Problem to solve:
Copy each line of the listing below where the word "collapse" turns up.
═══ Data for the task ═══
lemma S3_mem_segment_of_open_segment:
  assumes ext: "(x, y) extreme_point_of S3 A a1 a2 b1 b2 B cA cB ca1 ca2 cb1 cb2"
    and q: "(x', z) \<in> S3 A a1 a2 b1 b2 B cA cB ca1 ca2 cb1 cb2" "supp z \<subseteq> supp y"
    and edge: "closed_segment x x' face_of PA A cA"
    and ab: "a \<in> S3 A a1 a2 b1 b2 B cA cB ca1 ca2 cb1 cb2" "b \<in> S3 A a1 a2 b1 b2 B cA cB ca1 ca2 cb1 cb2"
    and w: "w \<in> closed_segment (x, y) (x', z)" "w \<in> open_segment a b"
  shows "a \<in> closed_segment (x, y) (x', z)"
proof -
  let ?S = "S3 A a1 a2 b1 b2 B cA cB ca1 ca2 cb1 cb2"
  have "fst w \<in> closed_segment x x'"
    using w(1) closed_segment_linear_image[OF linear_fst, of "(x, y)" "(x', z)"] by auto
  then have "fst a \<in> closed_segment x x'"
    using face_of_linear_preimage_point[OF edge linear_fst _ _ w(2)] ab
    by (metis S3_fst_in_PA prod.collapse)
  then obtain m where m: "0 \<le> m" "m \<le> 1" "fst a = (1 - m) *\<^sub>R x + m *\<^sub>R x'"
    by (auto simp: in_segment)
  define r where "r = (1 - m) *\<^sub>R (x, y) + m *\<^sub>R (x', z)"
  have r: "r \<in> closed_segment (x, y) (x', z)"
    using m by (auto simp: r_def in_segment)
  moreover have "r \<in> ?S"
    using r convex_S3 ext q(1)
    by (meson closed_segment_subset extreme_point_of_def subsetD)
  moreover have "supp (snd r) \<subseteq> supp y"
    using q(2) supp_closed_segment_subset[of "snd r" y z] m by (auto simp: r_def in_segment)
  moreover have "supp (snd a) \<subseteq> supp y"
  proof -
    obtain t where t: "0 < t" "t < 1" "w = (1 - t) *\<^sub>R a + t *\<^sub>R b"
      using w(2) by (auto simp: in_segment)
    have "supp (snd a) \<subseteq> supp (snd w)"
      using supp_subset_convex_combination[of "snd a" "snd b" t] ab t
      by (cases a, cases b) (auto simp: S3_def)
    also have "\<dots> \<subseteq> supp y"
      using q(2) supp_closed_segment_subset[of "snd w" y z]
        closed_segment_linear_image[OF linear_snd, of "(x, y)" "(x', z)"] w(1)
      by auto
    finally show ?thesis .
  qed
  moreover have "fst r = fst a"
    using m(3) by (simp add: r_def)
  ultimately have "a = r"
    using extreme_point_of_S3_snd_unique[OF ext, of "fst a" "snd a" "snd r"] ab(1)
    by (metis prod.collapse)
  then show ?thesis
    using r by simp
qed
(* Let $l>0$ and $K\in\mathbb{N}$ satisfy $2lK\ge T_0[\varphi_1]$ and $2l\in(0,\frac{2lK}{\ln(2lK)}]$. Put $\mathcal{J}(2l)=[2lK,2l(K+1)]$ and $\mathring{\mathcal{J}}(2l)=[\varphi_1^{-1}(2lK),\varphi_1^{-1}(2l(K+1))]$, so that $\varphi_1\{\mathring{\mathcal{J}}(2l)\}=\mathcal{J}(2l)$. Then the system $$\left\{1,\cos\left(\tfrac{\pi}{l}\varphi_1(t)\right),\sin\left(\tfrac{\pi}{l}\varphi_1(t)\right),\dots,\cos\left(\tfrac{\pi}{l}n\varphi_1(t)\right),\sin\left(\tfrac{\pi}{l}n\varphi_1(t)\right),\dots\right\}$$ is orthogonal on $\mathring{\mathcal{J}}(2l)$ with respect to the weight $\tilde Z^2(t)$; precisely, for all $m,n\in\mathbb{N}$: $$\int_{\mathring{\mathcal{J}}(2l)}\cos\left(\tfrac{\pi}{l}m\varphi_1(t)\right)\cos\left(\tfrac{\pi}{l}n\varphi_1(t)\right)\tilde Z^2(t)\,dt=\begin{cases}0,&m\ne n,\\ l,&m=n,\end{cases}$$ $$\int_{\mathring{\mathcal{J}}(2l)}\sin\left(\tfrac{\pi}{l}m\varphi_1(t)\right)\sin\left(\tfrac{\pi}{l}n\varphi_1(t)\right)\tilde Z^2(t)\,dt=\begin{cases}0,&m\ne n,\\ l,&m=n,\end{cases}$$ $$\int_{\mathring{\mathcal{J}}(2l)}\sin\left(\tfrac{\pi}{l}m\varphi_1(t)\right)\cos\left(\tfrac{\pi}{l}n\varphi_1(t)\right)\tilde Z^2(t)\,dt=0,$$ $$\int_{\mathring{\mathcal{J}}(2l)}\cos\left(\tfrac{\pi}{l}n\varphi_1(t)\right)\tilde Z^2(t)\,dt=0,\qquad \int_{\mathring{\mathcal{J}}(2l)}\sin\left(\tfrac{\pi}{l}n\varphi_1(t)\right)\tilde Z^2(t)\,dt=0.$$ Moreover, as $K\to\infty$ one has $2l(K+1)<\varphi_1^{-1}(2lK)$ and the distance $\rho$ between the segments $\mathcal{J}(2l)$ and $\mathring{\mathcal{J}}(2l)$ satisfies $\rho\{\mathcal{J}(2l);\mathring{\mathcal{J}}(2l)\}\sim(1-c)\pi(2lK)\to\infty$.
   Context: Let $Z(t)=e^{i\vartheta(t)}\zeta(\tfrac12+it)$ with $\vartheta(t)=-\frac t2\ln\pi+\operatorname{Im}\ln\Gamma(\frac14+\frac{it}{2})$ (so $Z$ is real). Let $\mu(y)$ be a continuous function with $\mu(y)\ge 7y\ln y$ and put $\Phi(\varphi)=\int_0^{\mu[\varphi]}Z^2(t)e^{-2t/\varphi}\,dt$. A Jacob's ladder is a continuous solution $\varphi(T)$, $T\ge T_0$, of the nonlinear integral equation $\Phi(\varphi(T))=\int_0^T Z^2(t)\,dt$ (as constructed in the author's earlier work). Put $\varphi_1(T)=\frac12\varphi(T)$, $T\ge T_0[\varphi_1]$, and $\tilde Z^2(t)=\frac{Z^2(t)}{2\Phi'(\varphi(t))}$, so that $\varphi_1'(t)=\tilde Z^2(t)$; it is known that $\tilde Z^2(t)=\frac{Z^2(t)}{(1+O(\ln\ln t/\ln t))\ln t}$ and $t-\varphi_1(t)\sim(1-c)\pi(t)$, where $c$ is Euler's constant and $\pi(t)$ is the prime-counting function. The function $\varphi_1$ is increasing, and $\varphi_1^{-1}(x)$ (written $\mathring{x}$ in the paper) denotes the unique $t$ with $\varphi_1(t)=x$. *)

theory Defs
  imports "HOL-Analysis.Analysis" "HOL-Library.Landau_Symbols" "HOL-Computational_Algebra.Primes"
begin

definition eta_fun :: "complex \<Rightarrow> complex" where
  "eta_fun s = lim (\<lambda>N. \<Sum>n<N. (-1) ^ n / (of_nat (Suc n) powr s))"

(* Riemann zeta on the critical line: zeta(s) = eta(s) / (1 - 2^(1-s)), valid for Re s > 0, s \<noteq> 1 *)
definition zeta_crit :: "real \<Rightarrow> complex" where
  "zeta_crit t = (let s = 1/2 + \<i> * of_real t in eta_fun s / (1 - 2 powr (1 - s)))"

definition vartheta :: "real \<Rightarrow> real" where
  "vartheta t = - (t / 2) * ln pi + Im (ln_Gamma (1/4 + \<i> * of_real t / 2))"

(* Hardy's Z-function Z(t) = e^{i vartheta(t)} zeta(1/2+it) (real-valued) *)
definition Z_fun :: "real \<Rightarrow> real" where
  "Z_fun t = Re (exp (\<i> * of_real (vartheta t)) * zeta_crit t)"

definition Phi :: "(real \<Rightarrow> real) \<Rightarrow> real \<Rightarrow> real" where
  "Phi mu y = integral {0..mu y} (\<lambda>t. (Z_fun t)\<^sup>2 * exp (- 2 * t / y))"

definition jacobs_ladder :: "(real \<Rightarrow> real) \<Rightarrow> real \<Rightarrow> (real \<Rightarrow> real) \<Rightarrow> bool" where
  "jacobs_ladder mu T0 phi \<longleftrightarrow> continuous_on {T0..} phi \<and>
     (\<forall>T\<ge>T0. Phi mu (phi T) = integral {0..T} (\<lambda>t. (Z_fun t)\<^sup>2))"

definition phi1 :: "(real \<Rightarrow> real) \<Rightarrow> real \<Rightarrow> real" where
  "phi1 phi T = phi T / 2"

definition Ztilde2 :: "(real \<Rightarrow> real) \<Rightarrow> (real \<Rightarrow> real) \<Rightarrow> real \<Rightarrow> real" where
  "Ztilde2 mu phi t = (Z_fun t)\<^sup>2 / (2 * deriv (Phi mu) (phi t))"

definition phi1_inv :: "(real \<Rightarrow> real) \<Rightarrow> real \<Rightarrow> real \<Rightarrow> real" where
  "phi1_inv phi T0 x = (THE t. t \<ge> T0 \<and> phi1 phi t = x)"

definition primepi :: "real \<Rightarrow> real" where
  "primepi x = real (card {p :: nat. prime p \<and> real p \<le> x})"

end

theory Submission
  imports Defs "HOL-Number_Theory.Totient"
begin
═══
Your solution:
    by (metis S3_fst_in_PA prod.collapse)
    by (metis prod.collapse)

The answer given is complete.